Your mindset seems “other”-driven. Is that fair?
I think of myself as part of the team, and I need to hold up my end. If I’m the executive and people have to dazzle me, especially before they dazzle end customers, their productivity goes out the window. If I can make this workplace drama-free, I feel like I’m serving them because the team — and it is an excellent group — is contributing for end customers.
How do you mesh servant leadership with IT?
I am a regular guy, but I’m also probably the biggest nerd you know. One of the problems that nerds like us have is we think tech is the be-all and end-all. I see three legs that are important: people, process and tech. For someone in my space to say tech solves all the issues, absolutely not. Tech enables a business, supports people, supports process.

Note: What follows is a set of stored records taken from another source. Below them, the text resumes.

lemma space_ilaw: "k \<le> T \<Longrightarrow> space (L k) = space (Isp T B)"
  using sets_ilaw by (rule sets_eq_imp_space_eq)

lemma measurable_action_ilaw:
  "t \<in> {1..T} \<Longrightarrow> (\<lambda>\<omega>. snd \<omega> t) \<in> borel_measurable (L T)"
  using measurable_action sets_ilaw[of T] by (simp cong: measurable_cong_sets)

lemma measurable_Hmap_ilaw: "t \<in> {1..T} \<Longrightarrow> Hmap t \<in> L T \<rightarrow>\<^sub>M Hsp t"
  using measurable_Hmap[of t T B] sets_ilaw[of T] by (simp cong: measurable_cong_sets)

lemma integral_ilaw_Suc:
  assumes k: "Suc k \<le> T" and f[measurable]: "(f :: _ \<Rightarrow> real) \<in> borel_measurable (Isp T B)"
    and bound: "\<And>\<omega>. \<omega> \<in> space (Isp T B) \<Longrightarrow> \<bar>f \<omega>\<bar> \<le> C"
  shows "(\<integral>\<omega>. f \<omega> \<partial>L (Suc k))
    = (\<integral>\<omega>. (\<integral>x. f (fst \<omega>, (snd \<omega>)(Suc k := x)) \<partial>act T gam Q (Suc k) (Hmap (Suc k) \<omega>)) \<partial>L k)"
proof -
  have j: "Suc k \<in> {1..T}" using k by simp
  have "(\<integral>\<omega>. f \<omega> \<partial>L (Suc k)) = (\<integral>\<omega>. (\<integral>y. f y \<partial>round_kernel T B gam Q (Suc k) \<omega>) \<partial>L k)"
    unfolding ilaw_Suc_round_kernel
    using k by (intro integral_bind_prob_algebra[OF ilaw_prob_algebra measurable_round_kernel[OF j] f bound]) auto
  also have "\<dots> = (\<integral>\<omega>. (\<integral>x. f (fst \<omega>, (snd \<omega>)(Suc k := x)) \<partial>act T gam Q (Suc k) (Hmap (Suc k) \<omega>)) \<partial>L k)"
  proof (intro Bochner_Integration.integral_cong refl)
    fix \<omega> assume "\<omega> \<in> space (L k)"
    then have \<omega>: "\<omega> \<in> space (Isp T B)" using k by (simp add: space_ilaw)
    have "(\<lambda>x. (fst \<omega>, (snd \<omega>)(Suc k := x))) \<in> borel \<rightarrow>\<^sub>M Isp T B"
      using measurable_compose_Pair1[OF \<omega> measurable_update_action[OF j]] by simp
    then have "(\<lambda>x. (fst \<omega>, (snd \<omega>)(Suc k := x))) \<in> act T gam Q (Suc k) (Hmap (Suc k) \<omega>) \<rightarrow>\<^sub>M Isp T B"
      using sets_act[OF j Hmap_space[OF j \<omega>]] by (simp cong: measurable_cong_sets)
    then show "(\<integral>y. f y \<partial>round_kernel T B gam Q (Suc k) \<omega>)
        = (\<integral>x. f (fst \<omega>, (snd \<omega>)(Suc k := x)) \<partial>act T gam Q (Suc k) (Hmap (Suc k) \<omega>))"
      unfolding round_kernel_def by (rule integral_distr) simp
  qed
  finally show ?thesis .
qed

lemma integral_ilaw_eq:
  assumes f[measurable]: "(f :: _ \<Rightarrow> real) \<in> borel_measurable (Isp T B)"
    and bound: "\<And>\<omega>. \<omega> \<in> space (Isp T B) \<Longrightarrow> \<bar>f \<omega>\<bar> \<le> C"
    and invariant: "\<And>\<omega> j x. \<omega> \<in> space (Isp T B) \<Longrightarrow> t < j \<Longrightarrow> j \<le> T
      \<Longrightarrow> f (fst \<omega>, (snd \<omega>)(j := x)) = f \<omega>"
    and "t \<le> m" "m \<le> T"
  shows "(\<integral>\<omega>. f \<omega> \<partial>L m) = (\<integral>\<omega>. f \<omega> \<partial>L t)"
  using \<open>t \<le> m\<close> \<open>m \<le> T\<close>
proof (induction m)
  case (Suc m)
  show ?case
  proof (cases "t = Suc m")
    case False
    then have "t \<le> m" using Suc.prems by simp
    have j: "Suc m \<in> {1..T}" using Suc.prems by simp
    have "(\<integral>\<omega>. f \<omega> \<partial>L (Suc m))
        = (\<integral>\<omega>. (\<integral>x. f (fst \<omega>, (snd \<omega>)(Suc m := x)) \<partial>act T gam Q (Suc m) (Hmap (Suc m) \<omega>)) \<partial>L m)"
      using Suc.prems by (intro integral_ilaw_Suc[OF _ f bound])
    also have "\<dots> = (\<integral>\<omega>. f \<omega> \<partial>L m)"
    proof (intro Bochner_Integration.integral_cong refl)
      fix \<omega> assume "\<omega> \<in> space (L m)"
      then have \<omega>: "\<omega> \<in> space (Isp T B)" using Suc.prems by (simp add: space_ilaw)
      interpret prob_space "act T gam Q (Suc m) (Hmap (Suc m) \<omega>)"
        using prob_space_act[OF j Hmap_space[OF j \<omega>]] .
      show "(\<integral>x. f (fst \<omega>, (snd \<omega>)(Suc m := x)) \<partial>act T gam Q (Suc m) (Hmap (Suc m) \<omega>)) = f \<omega>"
        using invariant[OF \<omega>] \<open>t \<le> m\<close> Suc.prems by (simp add: prob_space)
    qed
    also have "\<dots> = (\<integral>\<omega>. f \<omega> \<partial>L t)" using Suc.IH \<open>t \<le> m\<close> Suc.prems by simp
    finally show ?thesis .
  qed simp
qed simp

definition action_mean :: "nat \<Rightarrow> (real \<Rightarrow> real) \<Rightarrow> (nat \<Rightarrow> real \<times> real \<times> bool) \<Rightarrow> real" where
  "action_mean t \<phi> h = (\<integral>d. \<phi> (xhat T gam d) \<partial>Q t h)"

lemma measurable_action_mean:
  assumes t: "t \<in> {1..T}" and \<phi>[measurable]: "\<phi> \<in> borel_measurable borel"
  shows "action_mean t \<phi> \<in> borel_measurable (Hsp t)"
proof -
  have [measurable]: "xhat T gam \<in> borel_measurable (Dsp T B)" by (rule measurable_xhat[OF T_pos gam])
  have "(\<lambda>M. \<integral>d. \<phi> (xhat T gam d) \<partial>M) \<in> subprob_algebra (Dsp T B) \<rightarrow>\<^sub>M borel"
    by (rule integral_measurable_subprob_algebra) measurable
  from measurable_compose[OF measurable_prob_algebraD[OF Q[OF t]] this]
  show ?thesis unfolding action_mean_def[abs_def] by simp
qed

lemma abs_action_mean_le:
  assumes t: "t \<in> {1..T}" and h: "h \<in> space (Hsp t)" and \<phi>[measurable]: "\<phi> \<in> borel_measurable borel"
    and bound: "\<And>x. \<bar>\<phi> x\<bar> \<le> C"
  shows "\<bar>action_mean t \<phi> h\<bar> \<le> C"
  unfolding action_mean_def
  using measurable_xhat_Q[OF t h] bound
  by (intro prob_space.abs_integral_le_const[OF prob_space_Q[OF t h]]) auto

lemma integral_act:
  assumes t: "t \<in> {1..T}" and h: "h \<in> space (Hsp t)" and \<phi>[measurable]: "\<phi> \<in> borel_measurable borel"
  shows "(\<integral>x. \<phi> x \<partial>act T gam Q t h) = action_mean t \<phi> h"
  unfolding act_def action_mean_def using measurable_xhat_Q[OF t h] by (rule integral_distr) simp

lemma integrable_action_mean:
  assumes t: "t \<in> {1..T}"
    and \<phi>[measurable]: "\<phi> \<in> borel_measurable borel" and \<phi>_bound: "\<And>x. \<bar>\<phi> x\<bar> \<le> C"
    and M: "finite_measure M" "sets M = sets (Hsp t)"
  shows "integrable M (action_mean t \<phi>)"
proof -
  interpret finite_measure M by fact
  show ?thesis
    using measurable_action_mean[OF t \<phi>] abs_action_mean_le[OF t _ \<phi> \<phi>_bound] M(2)
    by (intro integrable_const_bound[where B=C] AE_I2)
       (auto cong: measurable_cong_sets simp: sets_eq_imp_space_eq[OF M(2)])
qed

lemma integrable_action_mean_Hmap:
  assumes t: "t \<in> {1..T}"
    and \<phi>[measurable]: "\<phi> \<in> borel_measurable borel" and \<phi>_bound: "\<And>x. \<bar>\<phi> x\<bar> \<le> C"
    and M: "finite_measure M" "sets M = sets (Isp T B)"
  shows "integrable M (\<lambda>\<omega>. action_mean t \<phi> (Hmap t \<omega>))"
proof -
  interpret finite_measure M by fact
  have "(\<lambda>\<omega>. action_mean t \<phi> (Hmap t \<omega>)) \<in> borel_measurable (Isp T B)"
    using measurable_compose[OF measurable_Hmap measurable_action_mean[OF t \<phi>]] t by simp
  then show ?thesis
    using abs_action_mean_le[OF t Hmap_space[OF t] \<phi> \<phi>_bound] M(2)
    by (intro integrable_const_bound[where B=C] AE_I2)
       (auto cong: measurable_cong_sets simp: sets_eq_imp_space_eq[OF M(2)])
qed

Are you able to interact with clients?
We have more than 60 locations spreading through Cuyahoga County and Summit and a bit of Lorain, so there are many opportunities for all of us to engage. It’s amazing that we are called just to provide a home for our clients. When I show up, I don’t have the skill set to provide the care that some of them need, but I can talk and spend time and be present — and hopefully that helps someone. Seeing the work that the entire team does to provide the tiniest thing for someone on the autism spectrum or someone who is nonverbal but so much wants to be part of the community, seeing the mission and seeing what front line people do, it’s been a blessing and a privilege.